Qué dijo el Gobierno

Ante la denuncia, fuentes oficiales señalaron que el Gobierno se encuentra “averiguando qué pasó”.

La investigación deberá determinar quién tuvo acceso a la sala durante el período en que permaneció cerrada y si los mecanismos de seguridad funcionaron correctamente. También resta conocer si los registros de las cámaras de seguridad permiten reconstruir lo sucedido.

El episodio ocurre en un momento particular para los periodistas acreditados en Casa Rosada. Durante la gestión de Javier Milei, el vínculo entre el Gobierno y distintos sectores de la prensa estuvo marcado por fuertes cruces y modificaciones en las condiciones de acceso y circulación dentro de la sede presidencial.
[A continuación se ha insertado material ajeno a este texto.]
(* Let $\omega\in\mathcal C(\mathbb Z)$ satisfy $\omega*\omega=\omega$. Then the map $p_\omega:\beta\mathbb Z\to\mathcal R(p_\omega)$ is a $\mathbb Z$-retraction of $\beta\mathbb Z$ onto the proper subset $\mathcal R(p_\omega)=p_\omega(\beta\mathbb Z)$. Consequently the map $\pi_\omega: C(\beta\mathbb Z)\to C(\beta\mathbb Z)$, $\pi_\omega(f)=f\circ p_\omega$, is a $\mathbb Z$-equivariant idempotent $*$-homomorphism onto a proper subalgebra, with $\sigma(\pi_\omega)=\mathbb T$.
   Context: $\beta\mathbb Z$ is the Stone–Čech compactification of $\mathbb Z$, $\mathcal C(\mathbb Z)=\beta\mathbb Z\setminus\mathbb Z$. Let $\varphi$ be the homeomorphism of $\beta\mathbb Z$ extending $k\mapsto k+1$; $\mathbb Z$ acts on $\beta\mathbb Z$ by $m\cdot q=\varphi^{(m)}(q)$ and on $C(\beta\mathbb Z)\cong\ell^\infty(\mathbb Z)$ by $f\mapsto f(m\cdot\,\cdot)$. For $\omega\in\beta\mathbb Z$, $p_\omega$ is the unique continuous extension of $k\mapsto\varphi^{(k)}(\omega)$ to $\beta\mathbb Z$, and $\omega*q=p_\omega(q)$. A $\mathbb Z$-retraction onto a closed invariant set $Y$ is a continuous equivariant surjection $\gamma:\beta\mathbb Z\to Y$ fixing $Y$ pointwise. For a $\mathbb Z$-equivariant linear map $\pi$ and $x_\lambda=(\lambda^n)_n$, $\pi(x_\lambda)=c_\lambda x_\lambda$ and $\sigma(\pi)=\{\lambda\in\mathbb T:c_\lambda\neq0\}$. *)

theory Defs
  imports "HOL-Analysis.Analysis"
begin

text \<open>beta Z modelled as the space of ultrafilters on int (as sets of subsets of int),
with the Stone topology generated by the basic clopen sets {U. A in U}.\<close>

definition is_ultra :: "int set set \<Rightarrow> bool" where
  "is_ultra U \<longleftrightarrow> {} \<notin> U \<and> UNIV \<in> U \<and>
     (\<forall>A B. A \<in> U \<and> B \<in> U \<longrightarrow> A \<inter> B \<in> U) \<and>
     (\<forall>A B. A \<in> U \<and> A \<subseteq> B \<longrightarrow> B \<in> U) \<and>
     (\<forall>A. A \<in> U \<or> - A \<in> U)"

definition betaZ_set :: "int set set set" where
  "betaZ_set = {U. is_ultra U}"

definition betaZ :: "int set set topology" where
  "betaZ = topology_generated_by {{U \<in> betaZ_set. A \<in> U} | A. True}"

definition pr :: "int \<Rightarrow> int set set" where
  "pr k = {A. k \<in> A}"

definition corona :: "int set set set" where
  "corona = betaZ_set - range pr"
En abril, el Ejecutivo restringió el ingreso de periodistas vinculados a determinados medios en medio de la controversia por una investigación internacional sobre una presunta operación rusa de desinformación. Poco después, la Sala de Periodistas fue cerrada temporalmente.

Aunque posteriormente volvió a funcionar, las restricciones sobre la circulación de los trabajadores de prensa continuaron siendo cuestionadas por organizaciones periodísticas.

FOPEA había advertido sobre estas limitaciones y reclamado condiciones adecuadas para el desarrollo de la tarea periodística.

FOPEA cuestionó las restricciones y controles que enfrentan los periodistas acreditados dentro del edificio. Foto: archivo

Una contradicción que vuelve a poner el foco en Casa Rosada

En ese contexto, el episodio plantea un interrogante difícil de ignorar: mientras los periodistas enfrentan controles y restricciones para circular dentro de la Casa Rosada, una sala destinada a su trabajo apareció con cajones abiertos y pertenencias manipuladas.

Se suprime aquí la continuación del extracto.